Perpustakaan tidak bisa lagi dikelola secara konvensional, tetapi harus bertransformasi mengikuti perkembangan teknologi agar dapat menjawab kebutuhan masyarakat. Perpustakaan ke depannya tidak hanya menjadi tempat berkumpul untuk membaca buku ataupun mencari informasi, namun perpustakaan dapat menjadi working space tempat munculnya inovasi-inovasi baru dan pengembangan kreativitas.

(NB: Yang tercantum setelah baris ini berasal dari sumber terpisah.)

(* Let $V$ be a commutative valuation domain with quotient field $F$, $K/F$ a finite Galois extension with group $G$, $S$ the integral closure of $V$ in $K$, and $f:G\times G\to S\setminus\{0\}$ a normalized $2$-cocycle such that $f(\sigma,\tau)\notin M^2$ for every $\sigma,\tau\in G$ and every maximal ideal $M$ of $S$. Then for each maximal ideal $M$ of $S$, the graph $\mathrm{Gr}(f^M)$ is a chain.
   Context: $V$ has arbitrary Krull dimension. A normalized 2-cocycle satisfies $\sigma(f(\tau,\gamma))f(\sigma,\tau\gamma)=f(\sigma,\tau)f(\sigma\tau,\gamma)$, $f(1,\sigma)=f(\sigma,1)=1$. $H=\{\sigma\in G:f(\sigma,\sigma^{-1})\in U(S)\}$, a subgroup. For a maximal ideal $M$ of $S$, $\sigma H\le_M\tau H$ iff $f(\sigma,\sigma^{-1}\tau)\notin M$ is a well-defined preorder on the left coset space $G/H$; $\mathrm{Gr}(f^M)$ is the induced partial order on its equivalence classes (where $\sigma H\sim\tau H$ iff $\sigma H\le_M\tau H$ and $\tau H\le_M\sigma H$). A chain is a totally ordered set. *)

theory Defs
  imports Main "HOL-Computational_Algebra.Polynomial"
begin

text \<open>The field K is modelled as the whole type 'k (a field). Subsets of 'k model
  the subrings V, S and the subfield F.\<close>

definition subring :: "'k::field set \<Rightarrow> bool" where
  "subring R \<longleftrightarrow> 0 \<in> R \<and> 1 \<in> R \<and> (\<forall>x\<in>R. \<forall>y\<in>R. x + y \<in> R \<and> x - y \<in> R \<and> x * y \<in> R)"

definition quotient_field :: "'k::field set \<Rightarrow> 'k set" where
  "quotient_field V = {a / b | a b. a \<in> V \<and> b \<in> V \<and> b \<noteq> 0}"

text \<open>Valuation domain (commutative; a subring of a field is a domain): for every nonzero
  x of the quotient field, x or x^{-1} lies in V.\<close>
definition valuation_domain :: "'k::field set \<Rightarrow> bool" where
  "valuation_domain V \<longleftrightarrow> subring V \<and>
     (\<forall>x\<in>quotient_field V. x \<noteq> 0 \<longrightarrow> x \<in> V \<or> inverse x \<in> V)"

definition field_aut :: "('k::field \<Rightarrow> 'k) \<Rightarrow> bool" where
  "field_aut \<sigma> \<longleftrightarrow> bij \<sigma> \<and> \<sigma> 1 = 1 \<and>
     (\<forall>x y. \<sigma> (x + y) = \<sigma> x + \<sigma> y \<and> \<sigma> (x * y) = \<sigma> x * \<sigma> y)"

definition Gal :: "'k::field set \<Rightarrow> ('k \<Rightarrow> 'k) set" where
  "Gal F = {\<sigma>. field_aut \<sigma> \<and> (\<forall>x\<in>F. \<sigma> x = x)}"

definition finite_dim_over :: "'k::field set \<Rightarrow> bool" where
  "finite_dim_over F \<longleftrightarrow> (\<exists>B. finite B \<and>
     (\<forall>x. \<exists>c. (\<forall>b\<in>B. c b \<in> F) \<and> x = (\<Sum>b\<in>B. c b * b)))"

definition finite_galois :: "'k::field set \<Rightarrow> bool" where
  "finite_galois F \<longleftrightarrow> finite_dim_over F \<and> {x. \<forall>\<sigma>\<in>Gal F. \<sigma> x = x} = F"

Menurut Laporan Perserikatan Bangsa-Bangsa On Financing Global Opportunity – The Learning Generation (Oktober, 2016) terjadi percepatan teknologi hingga tahun 2030. Imbasnya, ada sekitar 2 miliar pegawai di seluruh dunia akan kehilangan pekerjaan, bahkan pekerjaan yang sudah eksis 20 tahun lalu perlahan-lahan akan pudar, diramalkan setelah petugas pengantar pos, penerjemah dan pustakawan akan menyusul, dan hal tersebut merupakan fenomena disrupsi.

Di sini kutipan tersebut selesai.